Materials and methods: CCL-241, a human intestinal epithelial cell line, and HISM, a human intestinal muscle cell line, were grown to confluency and then treated for 24 h with various concentrations of lipopolysaccharide,Clostridium difficile culture extract containing both toxin A and toxin B, recombinant human tumor necrosis factor-alpha (TNF-α), or recombinant human interleukin-1 beta (IL-1β). Supernatants were then collected for IL-6 determination using an enzyme-linked immunosorbent assay. Cell numbers were determined using a Coulter counter. For comparison, parallel studies were performed using phorbol ester-primed U-937 and THP-1 human macrophage cell lines.

Results: Both human intestinal epithelial and smooth muscle cells produced IL-6 under basal conditions. In HISM cells, but not in CCL-241 cells, IL-6 release was increased slightly by treatment with C. difficile culture extract containing both toxin A and toxin B and with lipopolysaccharide. In both cell lines, IL-6 production was profoundly stimulated by treatment with IL-1β and less so with TNF-α. Combinations of high-dose TNF-α and IL-1β may have a slightly additive, but not synergistic, effect on IL-6 release. The amount of IL-6 produced by IL-1-stimulated intestinal cell lines was 70-fold higher than that produced by stimulated macrophage cell lines.

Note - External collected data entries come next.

(* Let $\Phi = \{\xi = (\tau_L,\delta_L,\tau_R,\delta_R) \in \mathbb{R}^4 : \tau_L > |\delta_L + 1|,\ \tau_R < -|\delta_R+1|\}$ and $\alpha(\xi) = \tau_L\tau_R + (\delta_L - 1)(\delta_R - 1)$. If $\xi \in \Phi$ and $\delta_L + \delta_R \ge 0$, then $\alpha(\xi) < 0$. *)

theory Defs
  imports Main Complex_Main
begin

definition Phi :: "(real \<times> real \<times> real \<times> real) set" where
  "Phi = {(tL, dL, tR, dR). tL > \<bar>dL + 1\<bar> \<and> tR < - \<bar>dR + 1\<bar>}"

fun alpha :: "real \<times> real \<times> real \<times> real \<Rightarrow> real" where
  "alpha (tL, dL, tR, dR) = tL * tR + (dL - 1) * (dR - 1)"

end

theory Submission
  imports Defs
begin

text \<open>Since \<open>alpha = tL tR + (dL + 1)(dR + 1) - 2 (dL + dR)\<close>, it suffices that
  \<open>tL (-tR) > |dL + 1| |dR + 1| \<ge> (dL + 1)(dR + 1)\<close> on \<open>Phi\<close>.\<close>

lemma alpha_shifted:
  "alpha (tL, dL, tR, dR) = tL * tR + (dL + 1) * (dR + 1) - 2 * (dL + dR)"
  by (simp add: algebra_simps)

lemma Phi_shifted_product_neg:
  fixes tL dL tR dR :: real
  assumes "(tL, dL, tR, dR) \<in> Phi"
  shows "tL * tR + (dL + 1) * (dR + 1) < 0"
proof -
  have tL: "tL > \<bar>dL + 1\<bar>" and tR: "- tR > \<bar>dR + 1\<bar>"
    using assms by (auto simp: Phi_def)
  have "(dL + 1) * (dR + 1) \<le> \<bar>dL + 1\<bar> * \<bar>dR + 1\<bar>"
    by (metis abs_ge_self abs_mult)
  also have "\<dots> < tL * (- tR)"
    using tL tR by (intro mult_strict_mono') auto
  finally show ?thesis
    by simp
qed

theorem proposition4p2:
  fixes tL dL tR dR :: real
  assumes "(tL, dL, tR, dR) \<in> Phi"
    and "dL + dR \<ge> 0"
  shows "alpha (tL, dL, tR, dR) < 0"
  using Phi_shifted_product_neg [OF assms(1)] assms(2)
  unfolding alpha_shifted by (simp add: algebra_simps)

end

Conclusions: Both intestinal epithelial and smooth muscle cells demonstrate the ability to release significant amounts of IL-6. The profound response to IL-1β and TNF-α stimulation by both cell lines suggests that human intestinal parenchymal cells, influenced by paracrine mediators liberated from proinflammatory cells, might significantly contribute to the overall systemic inflammatory response by producing IL-6.